The 12th title to be added to our discussion, Amazing Detective took its time to get to our station. AD has one of the goofiest origins I've ever heard. See if you can follow this: Atlas published two issues of Suspense and decides to split it into two different titles, one devoted to crime (which was probably the most popular funny book genre at the time) and one concentrating on horror (which was just taking off in early 1950). But Atlas opted to continue the numbering for both titles, which is why there's no such animals as Amazing Detective Cases #1 or #2 and AD began life with #3. The stories in AD from #3 through #10 continued to be pulled from "the files of crime investigators," but perhaps crime wasn't paying for Atlas as the book was switched over to the horror genre with #11. All this change certainly doesn't seem to have been worth the hassle since the title will only last another four issues before shutting its case file in September.


Cemetery worker Mike Murry loves to talk to his shadow and it's made him the laughing stock of the town, especially to that millionaire's brat, Joe Thorn, who tortures Mike and Shadow on a daily basis. So, Mike's talking to his shadow, Willie (yes, Mike has named his shadow) on day, the to Mike's surprise, Willie talks back! Willie explains the rules of being a shadow, one of which is the shadow never talks. Having broken that cardinal rule, Willie hopes that Mike won't separate himself from his shadow. When Mike admits he didn't know you could lose your shadow, Willie explains that all you have to do is sprinkle salt on a shadow and say the word Ka-Ba-Bo! However, once the shadow is separated, the host feels everything his shadow does so Mike should probably be very careful.

"The Weird Woman"
The light bulb goes on over the tortured little man's head; here's how to get back at that Thorn in Mike's side! So Mike steals Joe Thorn's shadow and tortures it until a bed-ridden Thorn agrees to pay a hefty sum to his tormentor. The stunt works so well that Mike steals six more shadows and, very soon, he's rolling in the dough.
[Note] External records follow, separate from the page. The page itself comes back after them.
(* Let $\mathcal{G}$ be a graph with exactly two zealots, with opinions $-1$ and $1$, satisfying the balanced-exposure condition: no persuadable node is adjacent to exactly one zealot. Consider the SBCM on $\mathcal{G}$ with parameters $\gamma,\delta\ge0$, let $v=\omega(1)=\frac{1}{1+e^{\gamma-\gamma\delta}}$ and $g(\gamma)=2\gamma(1-v)-1$. Then (1) for every $\gamma$, the harmonic state $\bar{\mathbf{x}}$, in which every persuadable node has opinion $0$, is a steady state; and (2) $\bar{\mathbf{x}}$ is linearly stable if and only if $g(\gamma)<0$.
   Context: Let $\mathcal{G}$ be a finite undirected unweighted graph without self-loops, adjacency $i\sim j$, with nodes partitioned into zealots $\mathcal{Z}$ and persuadable nodes $\mathcal{P}$. With $w(x_i,x_j)=\omega(|x_i-x_j|)=\frac{1}{1+e^{\gamma(x_i-x_j)^2-\gamma\delta}}$ for $i\sim j$ and $0$ otherwise, the SBCM is $\frac{dx_i}{dt}=f_i(\mathbf{x})=\frac{\sum_j w(x_i,x_j)(x_j-x_i)}{\sum_j w(x_i,x_j)}$ for $i\in\mathcal{P}$ and $\frac{dx_i}{dt}=0$ for zealots. A steady state is linearly stable if all eigenvalues of $\mathbf{J}_{\mathcal{P}}=(\partial f_i/\partial x_j)_{i,j\in\mathcal{P}}$ at it are strictly negative. *)

theory Defs
  imports "HOL-Analysis.Analysis"
begin

definition simple_graph :: "'a set \<Rightarrow> ('a \<Rightarrow> 'a \<Rightarrow> bool) \<Rightarrow> bool" where
  "simple_graph V E \<longleftrightarrow> finite V \<and> (\<forall>a b. E a b \<longrightarrow> a \<in> V \<and> b \<in> V)
     \<and> (\<forall>a b. E a b \<longrightarrow> E b a) \<and> (\<forall>a. \<not> E a a)"

definition graph_connected :: "'a set \<Rightarrow> ('a \<Rightarrow> 'a \<Rightarrow> bool) \<Rightarrow> bool" where
  "graph_connected V E \<longleftrightarrow> (\<forall>a\<in>V. \<forall>b\<in>V. E\<^sup>*\<^sup>* a b)"

definition omega :: "real \<Rightarrow> real \<Rightarrow> real \<Rightarrow> real" where
  "omega \<gamma> \<delta> r = 1 / (1 + exp (\<gamma> * r\<^sup>2 - \<gamma> * \<delta>))"

definition weight :: "('a \<Rightarrow> 'a \<Rightarrow> bool) \<Rightarrow> real \<Rightarrow> real \<Rightarrow> ('a \<Rightarrow> real) \<Rightarrow> 'a \<Rightarrow> 'a \<Rightarrow> real" where
  "weight E \<gamma> \<delta> x i j = (if E i j then omega \<gamma> \<delta> \<bar>x i - x j\<bar> else 0)"

definition sbcm_rhs :: "'a set \<Rightarrow> ('a \<Rightarrow> 'a \<Rightarrow> bool) \<Rightarrow> real \<Rightarrow> real \<Rightarrow> ('a \<Rightarrow> real) \<Rightarrow> 'a \<Rightarrow> real" where
  "sbcm_rhs V E \<gamma> \<delta> x i =
     (\<Sum>j\<in>V. weight E \<gamma> \<delta> x i j * (x j - x i)) / (\<Sum>j\<in>V. weight E \<gamma> \<delta> x i j)"

text \<open>Steady state: f_i(x) = 0 for every persuadable node (zealots are fixed anyway).\<close>
definition steady_state :: "'a set \<Rightarrow> ('a \<Rightarrow> 'a \<Rightarrow> bool) \<Rightarrow> 'a set \<Rightarrow> real \<Rightarrow> real \<Rightarrow> ('a \<Rightarrow> real) \<Rightarrow> bool" where
  "steady_state V E P \<gamma> \<delta> x \<longleftrightarrow> (\<forall>i\<in>P. sbcm_rhs V E \<gamma> \<delta> x i = 0)"

definition jacobian :: "'a set \<Rightarrow> ('a \<Rightarrow> 'a \<Rightarrow> bool) \<Rightarrow> real \<Rightarrow> real \<Rightarrow> ('a \<Rightarrow> real) \<Rightarrow> 'a \<Rightarrow> 'a \<Rightarrow> real" where
  "jacobian V E \<gamma> \<delta> x i j = deriv (\<lambda>t. sbcm_rhs V E \<gamma> \<delta> (x(j := t)) i) (x j)"

definition is_eigenvalue_on :: "'a set \<Rightarrow> ('a \<Rightarrow> 'a \<Rightarrow> real) \<Rightarrow> complex \<Rightarrow> bool" where
  "is_eigenvalue_on P J mu \<longleftrightarrow> (\<exists>v :: 'a \<Rightarrow> complex. (\<exists>i\<in>P. v i \<noteq> 0) \<and>
      (\<forall>i\<in>P. (\<Sum>j\<in>P. complex_of_real (J i j) * v j) = mu * v i))"

definition linearly_stable :: "'a set \<Rightarrow> ('a \<Rightarrow> 'a \<Rightarrow> bool) \<Rightarrow> 'a set \<Rightarrow> real \<Rightarrow> real \<Rightarrow> ('a \<Rightarrow> real) \<Rightarrow> bool" where
  "linearly_stable V E P \<gamma> \<delta> x \<longleftrightarrow>
     (\<forall>mu. is_eigenvalue_on P (jacobian V E \<gamma> \<delta> x) mu \<longrightarrow> Im mu = 0 \<and> Re mu < 0)"

definition harmonic_state :: "'a \<Rightarrow> 'a \<Rightarrow> 'a \<Rightarrow> real" where
  "harmonic_state z1 z2 = (\<lambda>i. if i = z1 then -1 else if i = z2 then 1 else 0)"
definition xi_rate :: "real \<Rightarrow> real" where
  "xi_rate t = h t * (2 * (\<xi> t)\<^sup>2 - 2 * (x t)\<^sup>2 - 2 * ((1 + w) / 2)\<^sup>2 * (z t)\<^sup>2
                      + 8 * c * x t * yr t * yi t)"

lemma c_pos: "c > 0" and l_pos: "l > 0" and w_bounds: "-1 \<le> w" "w \<le> 1"
  and interval: "is_interval I"
  using sys unfolding shifted_single_fluid_def by auto

lemma h_pos: "t \<in> I \<Longrightarrow> h t > 0"
  using sys unfolding shifted_single_fluid_def by auto

lemma first_constraint: "t \<in> I \<Longrightarrow> (x t)\<^sup>2 + 4 * (yr t)\<^sup>2 + (z t)\<^sup>2 = 1 - \<sigma> / (h t)\<^sup>2"
  using sys unfolding shifted_single_fluid_def by auto

lemma Icc_subset: "s \<in> I \<Longrightarrow> t \<in> I \<Longrightarrow> {s..t} \<subseteq> I"
  using interval unfolding is_interval_1 atLeastAtMost_iff subset_iff by blast

lemma xi_nonneg: "\<xi> t \<ge> 0"
  using w_bounds unfolding xi_fun_def by simp

lemma h_has_derivative: "t \<in> I \<Longrightarrow> (h has_real_derivative - \<xi> t * (h t)\<^sup>2) (at t within I)"
  using sys unfolding shifted_single_fluid_def by auto

lemma xi_has_derivative:
  assumes "t \<in> I"
  shows "(\<xi> has_real_derivative xi_rate t) (at t within I)"
proof -
  have dx: "(x has_real_derivative (- x t + 4 * c * yr t * yi t + x t * \<xi> t) * h t) (at t within I)"
    and dz: "(z has_real_derivative (- (1 + w) / 2 + \<xi> t) * z t * h t) (at t within I)"
    using sys assms unfolding shifted_single_fluid_def by auto
  have "((\<lambda>t. (x t)\<^sup>2 + (1 + w) / 2 * (z t)\<^sup>2) has_real_derivative xi_rate t) (at t within I)"
    by (auto intro!: derivative_eq_intros dx dz
        simp: xi_rate_def xi_fun_def power2_eq_square field_simps)
  then show ?thesis
    unfolding xi_fun_def[abs_def] .
qed

lemma continuous_on_xi: "continuous_on I \<xi>"
  by (rule DERIV_continuous_on[OF xi_has_derivative])

lemma continuous_on_h: "continuous_on I h"
  by (rule DERIV_continuous_on[OF h_has_derivative])

lemma continuous_on_yi: "continuous_on I yi"
proof -
  obtain yi' where "\<forall>t\<in>I. (yi has_real_derivative yi' t) (at t within I)"
    using sys unfolding shifted_single_fluid_def by blast
  then show ?thesis
    by (intro DERIV_continuous_on) auto
qed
The displaced shadows, however, take their ire out on Mike's doppelgänger and, the next morning, the police find Mike hanging from the ceiling in an apparent suicide. We've had numerous horror tales centering on shadows already (with umpteen more to follow) but "The Black Shadow" gives the old warhorse an imaginative curve. Mike is a good guy at first but something goes bad in that brain and he suddenly becomes a sadist, even to his buddy, Willie. There's a very effective panel of the loony stabbing a shadow (that's tied up!) with what appears to be an icepick. Truly, we are entering a Golden Age of outre suspense stories.

George Timmins falls in love with the exotic beauty of "The Weird Woman," Gloria, and pressures her to marry him but Gloria decides that George is not the man for her. George knows that Gloria is slightly "off" (she can walk through walls, for one), but he's willing to ignore such small drawbacks if he can possess her heart and soul. When she breaks off their love affair, George goes nuts and attempts to strangle her but the police arrive and haul him off to the pokey. There, a lawyer approaches him about Gloria and after a chat session walks through George's cell wall, thanking our hapless hero for helping him find the right girl. This is one of the strips that entertain just as long as you don't stop the page-turning to think about what you've just read ("Hang on, if Gloria can disappear when she wants, why does she allow George to throttle her?") and Joe Sinnott is the next best thing to Russ Heath, who's sadly missing from this post's titles.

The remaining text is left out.